11 thoughts on “Books, Stoics, Immortality (Now Available on Stick)”

  1. Oh, man, you had me going for a moment with the LL postage stamp.
    Why do we have a Harvey Milk stamp, but not a Lazarus Long one?

  2. Here I was reading merrily along when I came across your idea that learning for its own sake could be a vice. Everyone of my brain cells cramped and I could read no further. Now the idea is stuck in my head and won’t leave short of a brain wipe (you know, like with a cloth [sorry, I couldn’t resist]). Seriously, how did you and your friend come to this conclusion? If I neglected all my obligations to family, work, and community to do nothing but read and study, then yes, I can see how my learning could be considered a vice. But the fault is mine, not learning itself. Help me here please. BTW, love the blog.
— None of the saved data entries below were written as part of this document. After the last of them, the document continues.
(* Let $p$ be a prime and $n,k$ positive integers with $(p,k-1)=1$ and $n=\mathrm{ind}_p(k)$; let $G=G(p,n,k)=\langle a,b;\ a^p=1,\ b^n=1,\ b^{-1}ab=a^k\rangle$ and let $S\subseteq\mathbb{Z}_p$ be a base. Then $\Sigma_G(S)$ is complete.
   Context: $\mathrm{ind}_p(k)$ is the least positive integer $d$ with $k^d\equiv 1\pmod p$. Elements of $G$ are written uniquely as $a^ib^j$, $i\in\mathbb{Z}_p$, $j\in\mathbb{Z}_n$; $k_t=k^t-1\pmod p$. Maps are written on the right and composed left to right. For $x,y\in\mathbb{Z}_p$, $\mu(x,y):G\to G$ is $(a^ib^j)\mu(x,y)=a^{xik^j-yk_j}$, and $C(x,y)=\{\mu(x,yz):z\in\mathbb{Z}_p\}$. For $S\subseteq\mathbb{Z}_p$, $I(S)$ is the set of invertible elements of $S$ and $S^*$ is the multiplicative subsemigroup of $\mathbb{Z}_p$ generated by $S$. A base is $S\subseteq \mathbb{Z}_p$ with $0\in S$ and $I(S)\ne\varnothing$. $\Sigma_G(S)$ is the semigroup under composition generated by $\{\mu(s,z):s\in S,z\in\mathbb{Z}_p\}$. For $x\in S^*$, $Y(x)=\{s^*z: s^*\in S^*, z\in\mathbb{Z}_p, \exists s\in S,\ x\equiv ss^*\}$, $\mathcal{F}_G(x,S)=\{C(x,y):y\in Y(x)\}$; this family is complete if $C(x,1)\in\mathcal{F}_G(x,S)$, and $\Sigma_G(S)$ is complete if every $x$-family ($x\in S^*$) is complete. *)

theory Defs
  imports "HOL-Number_Theory.Number_Theory" "HOL-Library.FuncSet"
begin

text \<open>Elements of G = G(p,n,k) are written uniquely as a^i b^j with i in Z_p, j in Z_n;
  we represent a^i b^j by the pair (i, j) with 0 <= i < p, 0 <= j < n.\<close>

definition Gcar :: "nat \<Rightarrow> nat \<Rightarrow> (int \<times> nat) set" where
  "Gcar p n = {0..<int p} \<times> {0..<n}"

text \<open>mu(x,y): a^i b^j maps to a^(x i k^j - y k_j), where k_j = k^j - 1 (mod p);
  the result a^m is represented by (m mod p, 0).  Maps are restricted to G.\<close>

definition mu :: "nat \<Rightarrow> nat \<Rightarrow> nat \<Rightarrow> int \<Rightarrow> int \<Rightarrow> (int \<times> nat \<Rightarrow> int \<times> nat)" where
  "mu p n k x y = (\<lambda>g\<in>Gcar p n. case g of (i, j) \<Rightarrow>
      ((x * i * int k ^ j - y * ((int k ^ j - 1) mod int p)) mod int p, 0))"

definition Cset :: "nat \<Rightarrow> nat \<Rightarrow> nat \<Rightarrow> int \<Rightarrow> int \<Rightarrow> (int \<times> nat \<Rightarrow> int \<times> nat) set" where
  "Cset p n k x y = {mu p n k x ((y * z) mod int p) | z. z \<in> {0..<int p}}"

inductive_set Sstar :: "nat \<Rightarrow> int set \<Rightarrow> int set" for p S where
  gen: "s \<in> S \<Longrightarrow> s \<in> Sstar p S"
| mult: "a \<in> Sstar p S \<Longrightarrow> b \<in> Sstar p S \<Longrightarrow> (a * b) mod int p \<in> Sstar p S"

definition is_base :: "nat \<Rightarrow> int set \<Rightarrow> bool" where
  "is_base p S \<longleftrightarrow> S \<subseteq> {0..<int p} \<and> 0 \<in> S \<and> (\<exists>s\<in>S. coprime s (int p))"

definition Yset :: "nat \<Rightarrow> int set \<Rightarrow> int \<Rightarrow> int set" where
  "Yset p S x = {(t * z) mod int p | t z. t \<in> Sstar p S \<and> z \<in> {0..<int p} \<and>
      (\<exists>s\<in>S. [x = s * t] (mod int p))}"

definition family :: "nat \<Rightarrow> nat \<Rightarrow> nat \<Rightarrow> int set \<Rightarrow> int \<Rightarrow> (int \<times> nat \<Rightarrow> int \<times> nat) set set" where
  "family p n k S x = {Cset p n k x y | y. y \<in> Yset p S x}"

definition family_complete :: "nat \<Rightarrow> nat \<Rightarrow> nat \<Rightarrow> int set \<Rightarrow> int \<Rightarrow> bool" where
  "family_complete p n k S x \<longleftrightarrow> Cset p n k x 1 \<in> family p n k S x"

definition Sigma_complete :: "nat \<Rightarrow> nat \<Rightarrow> nat \<Rightarrow> int set \<Rightarrow> bool" where
  "Sigma_complete p n k S \<longleftrightarrow> (\<forall>x\<in>Sstar p S. family_complete p n k S x)"

end

theory Submission
  imports Defs
begin

text \<open>A family is complete as soon as 1 lies in Y(x), since C(x,1) is then the member indexed
  by y = 1.  By Fermat, a base element u invertible mod p satisfies u^(p-1) = 1, so 1 lies in
  S^*; hence every x in S^* factors as x = s s^* with s in S and s^* in S^*.  If p divides x,
  take s = 0 and s^* = z = 1; otherwise s^* is invertible mod p and z = (s^*)^(-1) gives
  s^* z = 1.  The group G enters only through the maps mu.\<close>

lemma Sstar_subset_residues:
  assumes "S \<subseteq> {0..<int p}" and "p > 0"
  shows "Sstar p S \<subseteq> {0..<int p}"
proof
  fix a assume "a \<in> Sstar p S"
  then show "a \<in> {0..<int p}"
    by induction (use assms in auto)
qed

lemma Sstar_power:
  assumes "S \<subseteq> {0..<int p}" and "p > 0" and a: "a \<in> Sstar p S"
  shows "a ^ Suc m mod int p \<in> Sstar p S"
proof (induction m)
  case 0
  have "a mod int p = a"
    using Sstar_subset_residues[OF assms(1,2)] a by auto
  with a show ?case by simp
next
  case (Suc m)
  have "(a ^ Suc m mod int p) * a mod int p = a ^ Suc (Suc m) mod int p"
    by (metis mod_mult_left_eq power_Suc2)
  with Sstar.mult[OF Suc a] show ?case by simp
qed

lemma fermat_theorem_int:
  assumes "prime p" and "coprime u (int p)"
  shows "[u ^ (p - 1) = 1] (mod int p)"
proof -
  define r where "r = nat (u mod int p)"
  have r: "int r = u mod int p"
    using prime_gt_0_nat[OF assms(1)] unfolding r_def by simp
  have "\<not> int p dvd u mod int p"
    using assms by (simp add: dvd_mod_iff residues_prime.p_coprime_right_int residues_prime_def)
  then have "\<not> p dvd r"
    using r by (metis of_nat_dvd_iff)
  then have "[r ^ (p - 1) = 1] (mod p)"
    using fermat_theorem[OF assms(1)] by blast
  then have "[(u mod int p) ^ (p - 1) = 1] (mod int p)"
    by (metis r cong_int_iff of_nat_1 of_nat_power)
  moreover have "[(u mod int p) ^ (p - 1) = u ^ (p - 1)] (mod int p)"
    by (simp add: cong_def power_mod)
  ultimately show ?thesis
    using cong_sym cong_trans by blast
qed

lemma one_in_Sstar:
  assumes "prime p" and "is_base p S"
  shows "1 \<in> Sstar p S"
proof -
  obtain u where u: "u \<in> S" "coprime u (int p)" and S: "S \<subseteq> {0..<int p}"
    using assms(2) unfolding is_base_def by auto
  have p: "p > 1" using prime_gt_1_nat[OF assms(1)] .
  have "u ^ Suc (p - 2) mod int p \<in> Sstar p S"
    using Sstar_power[OF S _ Sstar.gen[OF u(1)]] p by simp
  moreover have "u ^ (p - 1) mod int p = 1"
    using fermat_theorem_int[OF assms(1) u(2)] p by (simp add: cong_def)
  moreover have "Suc (p - 2) = p - 1" using p by simp
  ultimately show ?thesis by simp
qed

lemma Sstar_factor:
  assumes "x \<in> Sstar p S" and "1 \<in> Sstar p S"
  shows "\<exists>s\<in>S. \<exists>t\<in>Sstar p S. [x = s * t] (mod int p)"
  using assms(1)
proof induction
  case (gen s)
  with assms(2) show ?case by (intro bexI[of _ s] bexI[of _ 1]) auto
next
  case (mult a b)
  then obtain s t where st: "s \<in> S" "t \<in> Sstar p S" "[a = s * t] (mod int p)"
    by blast
  have "[a * b mod int p = s * (t * b mod int p)] (mod int p)"
    using cong_mult[OF st(3) cong_refl[of b]]
    by (simp add: cong_def mod_mult_right_eq mult.assoc)
  with st(1) Sstar.mult[OF st(2) mult(2)] show ?case by blast
qed

lemma one_in_Yset:
  assumes "prime p" and "is_base p S" and "x \<in> Sstar p S"
  shows "1 \<in> Yset p S x"
proof -
  have one: "1 \<in> Sstar p S" using one_in_Sstar[OF assms(1,2)] .
  have p: "int p > 1" using prime_gt_1_nat[OF assms(1)] by simp
  show ?thesis
  proof (cases "int p dvd x")
    case True
    have "0 \<in> S" using assms(2) unfolding is_base_def by auto
    moreover have "[x = 0 * 1] (mod int p)" using True by (simp add: cong_0_iff)
    ultimately have "1 * 1 mod int p \<in> Yset p S x"
      unfolding Yset_def using one p by fastforce
    then show ?thesis using p by simp
  next
    case False
    obtain s t where st: "s \<in> S" "t \<in> Sstar p S" "[x = s * t] (mod int p)"
      using Sstar_factor[OF assms(3) one] by blast
    have "\<not> int p dvd t"
      using st(3) False by (metis cong_dvd_iff dvd_mult)
    then have "coprime t (int p)"
      using assms(1) by (metis coprime_commute prime_imp_coprime prime_nat_int_transfer)
    then obtain z where "[t * z = 1] (mod int p)"
      using cong_solve_coprime_int by blast
    then have "t * (z mod int p) mod int p = 1"
      using p by (simp add: cong_def mod_mult_right_eq)
    moreover have "z mod int p \<in> {0..<int p}" using p by simp
    ultimately show ?thesis
      unfolding Yset_def using st by fastforce
  qed
qed

theorem theorem6p1:
  fixes p n k :: nat and S :: "int set"
  assumes "prime p" and "n > 0" and "k > 0"
    and "coprime p (k - 1)"
    and "n = ord p k"
    and "is_base p S"
  shows "Sigma_complete p n k S"
  unfolding Sigma_complete_def family_complete_def family_def
  using one_in_Yset[OF assms(1) assms(6)] by blast

end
    1. It took me the same way when he mentioned it to me!

      The basics of the argument are that any act we take that doesn’t serve a purpose for God or our fellow men (remember, he’s a priest) isn’t wrong, per se. But (like he and I and you and Steve) if repeated too often and to the exclusion of other things, it’s a vice. Not a horrible one: it’s not like murder or not finishing all your french fries.

      And, yes, one I participate in willingly.

    2. It took me the same way when he mentioned it to me!

      The basics of the argument are that any act we take that doesn’t serve a purpose for God or our fellow men (remember, he’s a priest) isn’t wrong, per se. But (like he and I and you and Steve) if repeated too often and to the exclusion of other things, it’s a vice. Not a horrible one: it’s not like murder or not finishing all your french fries.

      And, yes, one I participate in willingly.

      And thank you for the kind complement!!!

      1. Just a quick counter argument as it’s late and I’m tired…

        Learning something is like entering a deep, unexplored forest: you don’t know what’s going to happen as a result. So the implication that you can “know” ahead of time whether what you are learning will serve your God or fellow man is impossible to assess, so it has no meaning.

        Have a great week! Beware the Ides of March.

        1. Indeed! And you as well. I do buy that argument 100% – you never know what information will make you useful. McGyver, anyone?

  3. I agree with Stacey.

    “Learning for learning’s sake” is, in my view, impossible. If learning could leave you completely untouched, unaltered, and unchanged, then perhaps “Learning for learning’s sake” could be considered at times, a vice. But it’s not a zero-sum proposition: learning ALWAYS changes you.

    Years ago I spent two years taking a night class at the small college where I worked learning New Testament Greek. It had no benefit to me or my career at the time, I just wanted to learn it. But now, I see many words and can often recognize if they have Greek roots, which can suggest other words and lines of thought. I never expected that to happen from learning a form of ancient Greek. It changed my brain in ways I never thought it would. Next up: Latin, or Old English.

    I don’t even think one can argue that learning bad things (like how to torture, or poison, or nuclear weapons) is a vice because it’s not the knowing that’s bad, it’s the morality that suggests it might be fun to use that knowledge poorly.

    Thought provoking post, as usual.

    1. As noted, the argument is above – not a horrible vice. And I will note that I have learned things that, as S.T. Coleridge wrote, made me “a sad but wiser man.”

  4. Death gives us a chance to bury the frictions, grudges and animus that seems inevitable in everyday interactions. Some cultures exploit this advantage and move on. Others nurture their victimhood status and stay stuck. Serbs and Bosnians were killing each other over “wrongs” that occurred three hundred years ago. African-American race hustlers are flogging the idea of reparations for events that occurred nearly two hundred years ago.

    1. One of my best features is a short memory about how people have wronged me. Just burns a lot of anger that doesn’t do me any good except it does keep me warm in winter!